- [Brief] Every line below between the line holding "(\<lambda>_. T) \<and>" and the line holding "(\<Sum>f\<in>?F. \<Sum>p\<in>?P. (\<Prod>r<n.", inclusive, should be repeated exactly, and all other lines omitted.

[Data records]
::::::

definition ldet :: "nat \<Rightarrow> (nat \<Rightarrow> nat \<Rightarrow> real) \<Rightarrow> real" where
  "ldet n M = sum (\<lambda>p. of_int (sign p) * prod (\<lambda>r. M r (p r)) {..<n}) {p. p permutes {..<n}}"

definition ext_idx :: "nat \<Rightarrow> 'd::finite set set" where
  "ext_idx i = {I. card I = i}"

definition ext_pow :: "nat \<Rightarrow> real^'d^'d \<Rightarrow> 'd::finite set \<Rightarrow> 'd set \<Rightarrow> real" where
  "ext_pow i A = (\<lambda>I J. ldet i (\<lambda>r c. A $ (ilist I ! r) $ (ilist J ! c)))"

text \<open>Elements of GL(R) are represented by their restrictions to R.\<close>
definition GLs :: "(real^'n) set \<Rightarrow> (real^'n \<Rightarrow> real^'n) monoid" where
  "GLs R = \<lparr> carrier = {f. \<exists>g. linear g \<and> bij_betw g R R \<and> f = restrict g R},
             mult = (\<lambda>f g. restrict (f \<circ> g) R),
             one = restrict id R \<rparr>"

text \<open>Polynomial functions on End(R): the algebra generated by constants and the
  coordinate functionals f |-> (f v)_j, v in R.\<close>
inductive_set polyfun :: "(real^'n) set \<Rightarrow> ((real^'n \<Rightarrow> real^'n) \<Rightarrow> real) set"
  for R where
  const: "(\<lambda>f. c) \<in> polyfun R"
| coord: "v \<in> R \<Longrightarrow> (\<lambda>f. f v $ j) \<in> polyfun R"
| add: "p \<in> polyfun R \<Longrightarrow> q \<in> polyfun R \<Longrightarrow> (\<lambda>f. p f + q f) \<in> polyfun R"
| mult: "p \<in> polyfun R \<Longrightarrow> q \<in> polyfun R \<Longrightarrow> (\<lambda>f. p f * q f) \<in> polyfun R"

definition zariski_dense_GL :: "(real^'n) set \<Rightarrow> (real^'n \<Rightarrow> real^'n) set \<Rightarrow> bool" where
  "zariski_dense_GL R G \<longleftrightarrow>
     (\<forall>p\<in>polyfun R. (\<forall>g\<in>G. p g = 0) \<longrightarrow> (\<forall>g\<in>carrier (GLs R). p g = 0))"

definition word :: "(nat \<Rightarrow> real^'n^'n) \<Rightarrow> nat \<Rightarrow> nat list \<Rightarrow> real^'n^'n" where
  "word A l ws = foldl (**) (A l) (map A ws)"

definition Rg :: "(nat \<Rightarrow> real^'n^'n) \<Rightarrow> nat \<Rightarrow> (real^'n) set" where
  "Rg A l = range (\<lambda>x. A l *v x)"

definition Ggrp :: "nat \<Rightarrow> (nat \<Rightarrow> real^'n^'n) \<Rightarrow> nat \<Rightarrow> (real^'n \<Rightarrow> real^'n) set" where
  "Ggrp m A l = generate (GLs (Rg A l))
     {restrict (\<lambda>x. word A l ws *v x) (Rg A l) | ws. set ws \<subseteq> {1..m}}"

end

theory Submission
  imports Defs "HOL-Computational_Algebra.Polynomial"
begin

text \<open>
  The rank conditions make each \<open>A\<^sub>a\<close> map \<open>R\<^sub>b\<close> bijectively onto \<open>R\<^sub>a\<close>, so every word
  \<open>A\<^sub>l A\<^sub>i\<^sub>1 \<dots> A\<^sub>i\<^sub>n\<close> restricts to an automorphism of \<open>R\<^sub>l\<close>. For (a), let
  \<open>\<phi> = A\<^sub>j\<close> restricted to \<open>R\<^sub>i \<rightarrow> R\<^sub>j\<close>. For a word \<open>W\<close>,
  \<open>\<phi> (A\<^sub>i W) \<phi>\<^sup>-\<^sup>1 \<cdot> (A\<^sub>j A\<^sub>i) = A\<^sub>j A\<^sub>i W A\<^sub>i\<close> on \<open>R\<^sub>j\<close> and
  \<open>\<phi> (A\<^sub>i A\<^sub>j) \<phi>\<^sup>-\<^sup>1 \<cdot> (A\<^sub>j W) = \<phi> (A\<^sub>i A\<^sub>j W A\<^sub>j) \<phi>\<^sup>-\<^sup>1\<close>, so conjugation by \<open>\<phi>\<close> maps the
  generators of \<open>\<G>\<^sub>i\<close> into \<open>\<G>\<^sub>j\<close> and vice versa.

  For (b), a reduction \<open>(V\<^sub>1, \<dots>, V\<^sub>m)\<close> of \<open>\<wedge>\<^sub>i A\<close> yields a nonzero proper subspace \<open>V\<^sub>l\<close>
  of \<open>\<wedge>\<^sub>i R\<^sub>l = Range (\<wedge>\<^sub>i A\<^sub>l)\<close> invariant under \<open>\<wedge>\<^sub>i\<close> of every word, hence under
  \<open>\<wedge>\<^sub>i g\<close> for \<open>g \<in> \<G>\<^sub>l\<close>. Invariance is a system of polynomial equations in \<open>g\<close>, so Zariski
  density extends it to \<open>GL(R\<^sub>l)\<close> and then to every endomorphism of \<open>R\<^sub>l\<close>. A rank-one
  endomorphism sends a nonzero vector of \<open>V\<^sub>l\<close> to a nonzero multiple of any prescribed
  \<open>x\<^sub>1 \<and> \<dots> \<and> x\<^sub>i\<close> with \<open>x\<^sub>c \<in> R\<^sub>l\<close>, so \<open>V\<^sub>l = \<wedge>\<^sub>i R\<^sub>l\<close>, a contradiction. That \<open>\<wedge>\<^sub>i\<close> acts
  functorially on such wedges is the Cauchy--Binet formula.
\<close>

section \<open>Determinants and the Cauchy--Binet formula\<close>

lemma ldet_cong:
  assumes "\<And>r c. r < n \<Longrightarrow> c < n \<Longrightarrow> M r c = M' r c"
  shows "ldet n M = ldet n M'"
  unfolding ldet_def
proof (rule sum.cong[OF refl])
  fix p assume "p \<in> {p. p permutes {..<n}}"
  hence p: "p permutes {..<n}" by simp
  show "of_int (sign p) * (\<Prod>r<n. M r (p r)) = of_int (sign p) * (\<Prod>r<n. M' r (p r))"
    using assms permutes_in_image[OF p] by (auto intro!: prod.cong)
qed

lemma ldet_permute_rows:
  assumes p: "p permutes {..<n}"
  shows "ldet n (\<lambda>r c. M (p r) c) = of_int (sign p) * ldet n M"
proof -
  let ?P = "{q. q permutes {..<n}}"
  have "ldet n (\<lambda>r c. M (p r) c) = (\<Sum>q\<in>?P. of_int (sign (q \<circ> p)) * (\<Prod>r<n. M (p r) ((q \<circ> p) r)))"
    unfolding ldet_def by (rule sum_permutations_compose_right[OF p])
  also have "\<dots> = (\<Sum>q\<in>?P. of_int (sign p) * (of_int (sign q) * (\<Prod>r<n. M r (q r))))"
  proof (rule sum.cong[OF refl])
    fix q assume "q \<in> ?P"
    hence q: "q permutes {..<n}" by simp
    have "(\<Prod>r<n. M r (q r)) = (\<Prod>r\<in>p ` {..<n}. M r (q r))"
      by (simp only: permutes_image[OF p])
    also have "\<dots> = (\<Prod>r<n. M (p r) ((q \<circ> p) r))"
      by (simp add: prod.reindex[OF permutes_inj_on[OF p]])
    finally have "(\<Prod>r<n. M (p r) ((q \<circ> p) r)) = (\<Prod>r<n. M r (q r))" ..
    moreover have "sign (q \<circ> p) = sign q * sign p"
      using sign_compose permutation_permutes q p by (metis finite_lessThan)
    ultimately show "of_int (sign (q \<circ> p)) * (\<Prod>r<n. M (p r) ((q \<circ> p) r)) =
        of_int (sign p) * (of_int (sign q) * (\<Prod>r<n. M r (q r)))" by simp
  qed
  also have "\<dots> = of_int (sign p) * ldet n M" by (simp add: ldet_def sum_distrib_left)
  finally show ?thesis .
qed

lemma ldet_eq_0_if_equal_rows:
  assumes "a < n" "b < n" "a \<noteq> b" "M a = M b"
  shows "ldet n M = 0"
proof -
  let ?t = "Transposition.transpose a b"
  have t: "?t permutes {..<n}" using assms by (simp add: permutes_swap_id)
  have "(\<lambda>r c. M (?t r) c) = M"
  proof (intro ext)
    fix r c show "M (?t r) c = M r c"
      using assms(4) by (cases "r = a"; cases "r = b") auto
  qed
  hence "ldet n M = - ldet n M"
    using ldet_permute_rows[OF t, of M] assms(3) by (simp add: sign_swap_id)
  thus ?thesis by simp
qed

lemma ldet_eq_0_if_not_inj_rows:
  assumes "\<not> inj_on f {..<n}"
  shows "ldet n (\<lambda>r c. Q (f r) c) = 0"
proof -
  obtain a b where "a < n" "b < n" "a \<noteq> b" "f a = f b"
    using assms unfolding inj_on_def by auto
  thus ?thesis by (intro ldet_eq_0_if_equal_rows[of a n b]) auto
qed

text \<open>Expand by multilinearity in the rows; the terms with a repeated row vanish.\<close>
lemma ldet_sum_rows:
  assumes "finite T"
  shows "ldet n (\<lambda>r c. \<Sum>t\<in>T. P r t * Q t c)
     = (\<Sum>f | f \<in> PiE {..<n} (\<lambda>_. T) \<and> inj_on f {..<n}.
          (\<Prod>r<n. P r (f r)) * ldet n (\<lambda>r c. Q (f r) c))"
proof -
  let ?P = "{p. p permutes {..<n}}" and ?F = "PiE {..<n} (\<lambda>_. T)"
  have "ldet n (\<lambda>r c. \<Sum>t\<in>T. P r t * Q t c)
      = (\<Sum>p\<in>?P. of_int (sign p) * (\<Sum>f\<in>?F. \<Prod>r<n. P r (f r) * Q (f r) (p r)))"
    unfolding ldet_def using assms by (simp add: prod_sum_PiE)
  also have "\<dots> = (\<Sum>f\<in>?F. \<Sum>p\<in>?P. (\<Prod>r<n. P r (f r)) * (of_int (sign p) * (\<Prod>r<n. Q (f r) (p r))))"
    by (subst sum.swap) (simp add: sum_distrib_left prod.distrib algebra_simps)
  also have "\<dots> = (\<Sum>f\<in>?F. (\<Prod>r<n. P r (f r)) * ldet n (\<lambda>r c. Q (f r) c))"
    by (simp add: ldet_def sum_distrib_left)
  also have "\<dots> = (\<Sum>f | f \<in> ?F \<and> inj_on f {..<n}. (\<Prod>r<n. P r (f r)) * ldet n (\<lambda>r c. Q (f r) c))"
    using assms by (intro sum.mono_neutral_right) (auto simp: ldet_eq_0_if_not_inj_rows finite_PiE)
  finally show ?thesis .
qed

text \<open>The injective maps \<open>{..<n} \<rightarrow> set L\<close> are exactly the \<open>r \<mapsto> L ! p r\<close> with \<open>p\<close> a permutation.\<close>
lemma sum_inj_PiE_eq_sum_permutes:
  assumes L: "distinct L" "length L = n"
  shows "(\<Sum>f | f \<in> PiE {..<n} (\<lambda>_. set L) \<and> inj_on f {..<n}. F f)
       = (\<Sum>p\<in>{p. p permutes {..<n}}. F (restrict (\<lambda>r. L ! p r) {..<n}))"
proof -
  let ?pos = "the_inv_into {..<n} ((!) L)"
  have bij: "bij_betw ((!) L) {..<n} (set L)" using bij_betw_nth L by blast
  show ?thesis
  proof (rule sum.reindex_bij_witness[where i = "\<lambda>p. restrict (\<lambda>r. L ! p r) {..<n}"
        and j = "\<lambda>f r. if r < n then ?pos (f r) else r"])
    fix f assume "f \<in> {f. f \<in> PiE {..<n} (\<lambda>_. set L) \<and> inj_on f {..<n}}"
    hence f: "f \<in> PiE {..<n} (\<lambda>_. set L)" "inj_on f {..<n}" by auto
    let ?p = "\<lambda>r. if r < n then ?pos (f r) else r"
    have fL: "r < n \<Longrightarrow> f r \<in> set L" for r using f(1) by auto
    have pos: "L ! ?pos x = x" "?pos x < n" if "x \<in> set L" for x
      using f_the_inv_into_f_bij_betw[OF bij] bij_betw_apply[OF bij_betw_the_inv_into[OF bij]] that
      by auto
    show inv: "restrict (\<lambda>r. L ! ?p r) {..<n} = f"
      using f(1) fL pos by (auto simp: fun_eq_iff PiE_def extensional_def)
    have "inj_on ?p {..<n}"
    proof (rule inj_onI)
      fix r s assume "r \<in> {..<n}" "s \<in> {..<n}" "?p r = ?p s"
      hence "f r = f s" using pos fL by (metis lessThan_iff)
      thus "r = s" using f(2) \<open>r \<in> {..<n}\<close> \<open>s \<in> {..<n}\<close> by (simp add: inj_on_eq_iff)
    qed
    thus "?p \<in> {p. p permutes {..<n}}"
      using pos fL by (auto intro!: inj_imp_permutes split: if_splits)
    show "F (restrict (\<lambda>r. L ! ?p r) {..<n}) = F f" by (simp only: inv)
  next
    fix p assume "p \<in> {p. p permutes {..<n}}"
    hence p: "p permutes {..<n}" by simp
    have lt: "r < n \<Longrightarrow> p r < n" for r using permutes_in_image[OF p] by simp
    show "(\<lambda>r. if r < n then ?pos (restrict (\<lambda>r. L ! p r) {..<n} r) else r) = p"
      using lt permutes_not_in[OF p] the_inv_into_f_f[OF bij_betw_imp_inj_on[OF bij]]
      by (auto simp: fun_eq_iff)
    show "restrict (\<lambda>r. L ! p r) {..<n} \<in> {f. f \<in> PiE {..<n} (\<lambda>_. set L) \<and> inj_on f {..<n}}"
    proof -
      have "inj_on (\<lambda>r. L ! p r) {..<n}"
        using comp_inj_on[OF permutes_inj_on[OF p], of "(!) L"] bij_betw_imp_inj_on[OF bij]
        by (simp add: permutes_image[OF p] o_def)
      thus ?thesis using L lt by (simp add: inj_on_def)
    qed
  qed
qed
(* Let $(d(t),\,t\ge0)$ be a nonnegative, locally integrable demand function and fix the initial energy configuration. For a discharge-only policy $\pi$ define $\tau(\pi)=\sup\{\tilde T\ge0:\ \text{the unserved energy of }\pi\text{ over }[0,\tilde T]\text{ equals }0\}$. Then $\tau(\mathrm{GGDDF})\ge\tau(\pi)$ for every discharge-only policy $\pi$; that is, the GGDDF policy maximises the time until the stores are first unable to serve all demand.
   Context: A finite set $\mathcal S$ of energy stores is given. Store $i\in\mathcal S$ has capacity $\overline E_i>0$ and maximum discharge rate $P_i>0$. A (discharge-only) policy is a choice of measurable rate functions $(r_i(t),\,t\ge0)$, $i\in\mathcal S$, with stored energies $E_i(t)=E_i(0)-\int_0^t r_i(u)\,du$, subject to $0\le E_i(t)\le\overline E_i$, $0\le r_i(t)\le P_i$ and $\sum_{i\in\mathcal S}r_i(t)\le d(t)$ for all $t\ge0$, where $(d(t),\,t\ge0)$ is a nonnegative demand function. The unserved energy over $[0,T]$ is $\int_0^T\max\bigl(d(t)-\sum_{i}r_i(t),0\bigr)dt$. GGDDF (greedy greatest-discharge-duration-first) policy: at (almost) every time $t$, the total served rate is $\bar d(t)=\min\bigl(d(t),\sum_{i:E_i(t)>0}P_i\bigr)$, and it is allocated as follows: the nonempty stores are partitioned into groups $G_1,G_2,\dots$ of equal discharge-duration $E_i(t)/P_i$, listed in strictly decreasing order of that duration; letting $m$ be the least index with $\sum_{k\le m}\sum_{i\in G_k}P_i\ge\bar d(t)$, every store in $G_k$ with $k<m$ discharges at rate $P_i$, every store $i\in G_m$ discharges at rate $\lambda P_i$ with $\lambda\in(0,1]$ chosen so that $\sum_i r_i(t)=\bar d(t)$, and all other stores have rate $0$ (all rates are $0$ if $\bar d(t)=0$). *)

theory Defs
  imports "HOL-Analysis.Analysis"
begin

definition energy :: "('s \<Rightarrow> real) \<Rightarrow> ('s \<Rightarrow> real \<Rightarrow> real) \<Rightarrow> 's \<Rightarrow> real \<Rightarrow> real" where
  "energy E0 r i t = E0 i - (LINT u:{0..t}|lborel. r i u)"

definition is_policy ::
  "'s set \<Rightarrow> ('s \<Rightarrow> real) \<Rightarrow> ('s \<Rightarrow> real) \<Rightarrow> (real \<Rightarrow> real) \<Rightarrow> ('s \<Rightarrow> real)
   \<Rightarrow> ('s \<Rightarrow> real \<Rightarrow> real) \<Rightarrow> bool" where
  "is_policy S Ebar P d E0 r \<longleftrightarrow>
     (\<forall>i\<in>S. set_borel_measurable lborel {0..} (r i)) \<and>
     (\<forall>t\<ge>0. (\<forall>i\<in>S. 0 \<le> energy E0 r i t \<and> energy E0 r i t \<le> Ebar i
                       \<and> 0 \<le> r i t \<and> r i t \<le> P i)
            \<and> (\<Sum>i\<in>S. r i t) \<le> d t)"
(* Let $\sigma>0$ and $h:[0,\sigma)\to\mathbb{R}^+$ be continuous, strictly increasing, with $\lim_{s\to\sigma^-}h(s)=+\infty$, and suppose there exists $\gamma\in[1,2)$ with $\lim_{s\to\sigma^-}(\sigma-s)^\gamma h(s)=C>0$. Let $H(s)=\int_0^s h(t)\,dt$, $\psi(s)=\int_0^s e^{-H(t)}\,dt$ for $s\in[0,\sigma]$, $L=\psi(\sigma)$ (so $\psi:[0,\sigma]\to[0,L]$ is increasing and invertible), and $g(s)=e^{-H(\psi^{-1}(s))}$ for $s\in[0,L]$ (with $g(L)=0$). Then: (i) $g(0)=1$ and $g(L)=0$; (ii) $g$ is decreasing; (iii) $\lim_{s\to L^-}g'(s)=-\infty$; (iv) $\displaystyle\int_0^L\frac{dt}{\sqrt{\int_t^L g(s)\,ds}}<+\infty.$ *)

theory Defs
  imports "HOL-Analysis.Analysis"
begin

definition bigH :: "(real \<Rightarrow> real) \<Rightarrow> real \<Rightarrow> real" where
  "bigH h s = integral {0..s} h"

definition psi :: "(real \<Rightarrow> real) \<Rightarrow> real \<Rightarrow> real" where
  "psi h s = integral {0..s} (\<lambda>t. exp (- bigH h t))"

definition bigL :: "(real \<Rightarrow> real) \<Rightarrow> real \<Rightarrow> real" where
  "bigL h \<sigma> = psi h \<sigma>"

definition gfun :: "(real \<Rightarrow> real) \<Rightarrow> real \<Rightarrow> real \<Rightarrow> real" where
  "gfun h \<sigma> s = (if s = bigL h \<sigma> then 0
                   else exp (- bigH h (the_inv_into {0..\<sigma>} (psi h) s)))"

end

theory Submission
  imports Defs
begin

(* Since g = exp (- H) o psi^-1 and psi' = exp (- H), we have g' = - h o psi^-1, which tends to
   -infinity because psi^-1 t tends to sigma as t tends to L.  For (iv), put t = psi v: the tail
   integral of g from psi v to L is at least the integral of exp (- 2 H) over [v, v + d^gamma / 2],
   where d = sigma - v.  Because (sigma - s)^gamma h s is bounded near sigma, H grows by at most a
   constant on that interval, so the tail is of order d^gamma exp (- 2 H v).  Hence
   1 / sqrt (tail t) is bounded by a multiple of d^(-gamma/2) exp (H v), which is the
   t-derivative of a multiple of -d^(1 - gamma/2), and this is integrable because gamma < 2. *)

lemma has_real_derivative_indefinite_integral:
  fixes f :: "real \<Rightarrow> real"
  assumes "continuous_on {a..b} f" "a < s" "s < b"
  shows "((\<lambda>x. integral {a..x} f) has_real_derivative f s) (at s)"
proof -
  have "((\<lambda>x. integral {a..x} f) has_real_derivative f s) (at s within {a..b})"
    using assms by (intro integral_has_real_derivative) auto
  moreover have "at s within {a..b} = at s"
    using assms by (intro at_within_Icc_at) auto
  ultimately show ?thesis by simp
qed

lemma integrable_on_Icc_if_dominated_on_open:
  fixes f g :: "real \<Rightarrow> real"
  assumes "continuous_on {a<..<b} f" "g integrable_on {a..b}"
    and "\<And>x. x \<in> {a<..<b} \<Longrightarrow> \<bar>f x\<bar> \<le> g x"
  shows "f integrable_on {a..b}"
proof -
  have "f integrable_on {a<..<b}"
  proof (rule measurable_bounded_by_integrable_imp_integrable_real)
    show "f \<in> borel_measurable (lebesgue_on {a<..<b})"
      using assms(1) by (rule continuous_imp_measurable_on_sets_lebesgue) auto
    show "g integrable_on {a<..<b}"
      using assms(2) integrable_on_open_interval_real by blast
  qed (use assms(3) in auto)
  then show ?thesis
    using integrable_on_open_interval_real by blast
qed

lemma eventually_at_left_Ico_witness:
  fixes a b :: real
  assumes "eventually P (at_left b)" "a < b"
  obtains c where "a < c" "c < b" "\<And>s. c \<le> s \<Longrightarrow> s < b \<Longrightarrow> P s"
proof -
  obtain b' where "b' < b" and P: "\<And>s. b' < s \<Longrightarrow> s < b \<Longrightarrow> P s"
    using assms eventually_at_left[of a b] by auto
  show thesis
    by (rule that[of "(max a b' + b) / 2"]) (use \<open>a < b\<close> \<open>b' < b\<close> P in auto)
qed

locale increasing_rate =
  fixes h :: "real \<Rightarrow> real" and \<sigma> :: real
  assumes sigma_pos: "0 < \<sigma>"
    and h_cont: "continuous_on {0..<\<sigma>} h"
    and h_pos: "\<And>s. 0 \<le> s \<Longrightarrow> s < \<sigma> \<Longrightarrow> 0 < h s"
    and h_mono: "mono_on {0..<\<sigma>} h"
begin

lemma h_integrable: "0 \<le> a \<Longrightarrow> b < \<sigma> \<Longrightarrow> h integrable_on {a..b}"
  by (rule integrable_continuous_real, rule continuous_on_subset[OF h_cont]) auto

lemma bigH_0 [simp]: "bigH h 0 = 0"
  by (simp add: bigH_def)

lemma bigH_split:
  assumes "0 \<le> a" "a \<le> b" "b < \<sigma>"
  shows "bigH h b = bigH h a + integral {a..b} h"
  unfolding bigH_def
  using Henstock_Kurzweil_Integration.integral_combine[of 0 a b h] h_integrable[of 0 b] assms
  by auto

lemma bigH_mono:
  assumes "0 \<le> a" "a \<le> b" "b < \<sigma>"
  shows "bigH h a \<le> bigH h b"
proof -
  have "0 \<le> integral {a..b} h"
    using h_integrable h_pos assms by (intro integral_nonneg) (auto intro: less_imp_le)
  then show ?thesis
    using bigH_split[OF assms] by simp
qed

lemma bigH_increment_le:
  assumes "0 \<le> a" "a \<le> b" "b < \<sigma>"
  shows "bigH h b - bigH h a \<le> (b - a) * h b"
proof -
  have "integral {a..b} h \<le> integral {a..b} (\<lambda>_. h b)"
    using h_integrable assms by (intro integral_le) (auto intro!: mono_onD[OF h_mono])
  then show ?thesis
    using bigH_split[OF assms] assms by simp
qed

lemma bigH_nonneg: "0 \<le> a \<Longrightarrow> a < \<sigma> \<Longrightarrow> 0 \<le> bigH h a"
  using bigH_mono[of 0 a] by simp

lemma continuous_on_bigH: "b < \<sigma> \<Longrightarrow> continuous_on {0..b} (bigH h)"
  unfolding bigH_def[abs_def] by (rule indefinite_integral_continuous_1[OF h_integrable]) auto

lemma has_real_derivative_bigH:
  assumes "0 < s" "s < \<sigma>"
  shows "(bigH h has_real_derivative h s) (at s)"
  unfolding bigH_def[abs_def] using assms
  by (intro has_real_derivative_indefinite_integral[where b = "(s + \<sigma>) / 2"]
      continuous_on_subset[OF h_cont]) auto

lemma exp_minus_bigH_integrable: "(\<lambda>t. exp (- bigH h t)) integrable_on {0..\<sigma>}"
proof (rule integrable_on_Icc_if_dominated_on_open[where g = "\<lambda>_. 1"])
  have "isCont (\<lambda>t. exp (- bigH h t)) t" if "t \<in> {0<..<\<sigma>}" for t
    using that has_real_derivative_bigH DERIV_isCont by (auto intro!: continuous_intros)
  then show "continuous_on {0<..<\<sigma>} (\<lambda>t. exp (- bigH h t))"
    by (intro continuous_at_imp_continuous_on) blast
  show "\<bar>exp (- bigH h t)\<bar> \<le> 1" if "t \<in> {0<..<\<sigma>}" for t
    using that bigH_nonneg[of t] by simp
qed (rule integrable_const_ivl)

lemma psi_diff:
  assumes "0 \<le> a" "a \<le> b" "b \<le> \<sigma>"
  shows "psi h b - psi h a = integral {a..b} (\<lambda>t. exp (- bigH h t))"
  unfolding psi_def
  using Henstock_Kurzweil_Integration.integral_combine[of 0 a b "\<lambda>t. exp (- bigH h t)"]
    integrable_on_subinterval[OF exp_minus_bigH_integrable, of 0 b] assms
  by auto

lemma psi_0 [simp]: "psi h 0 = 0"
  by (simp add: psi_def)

::::::

- [Solution to the exercise]
     = (\<Sum>f | f \<in> PiE {..<n} (\<lambda>_. T) \<and> inj_on f {..<n}.
          (\<Prod>r<n. P r (f r)) * ldet n (\<lambda>r c. Q (f r) c))"
proof -
  let ?P = "{p. p permutes {..<n}}" and ?F = "PiE {..<n} (\<lambda>_. T)"
  have "ldet n (\<lambda>r c. \<Sum>t\<in>T. P r t * Q t c)
      = (\<Sum>p\<in>?P. of_int (sign p) * (\<Sum>f\<in>?F. \<Prod>r<n. P r (f r) * Q (f r) (p r)))"
    unfolding ldet_def using assms by (simp add: prod_sum_PiE)
  also have "\<dots> = (\<Sum>f\<in>?F. \<Sum>p\<in>?P. (\<Prod>r<n. P r (f r)) * (of_int (sign p) * (\<Prod>r<n. Q (f r) (p r))))"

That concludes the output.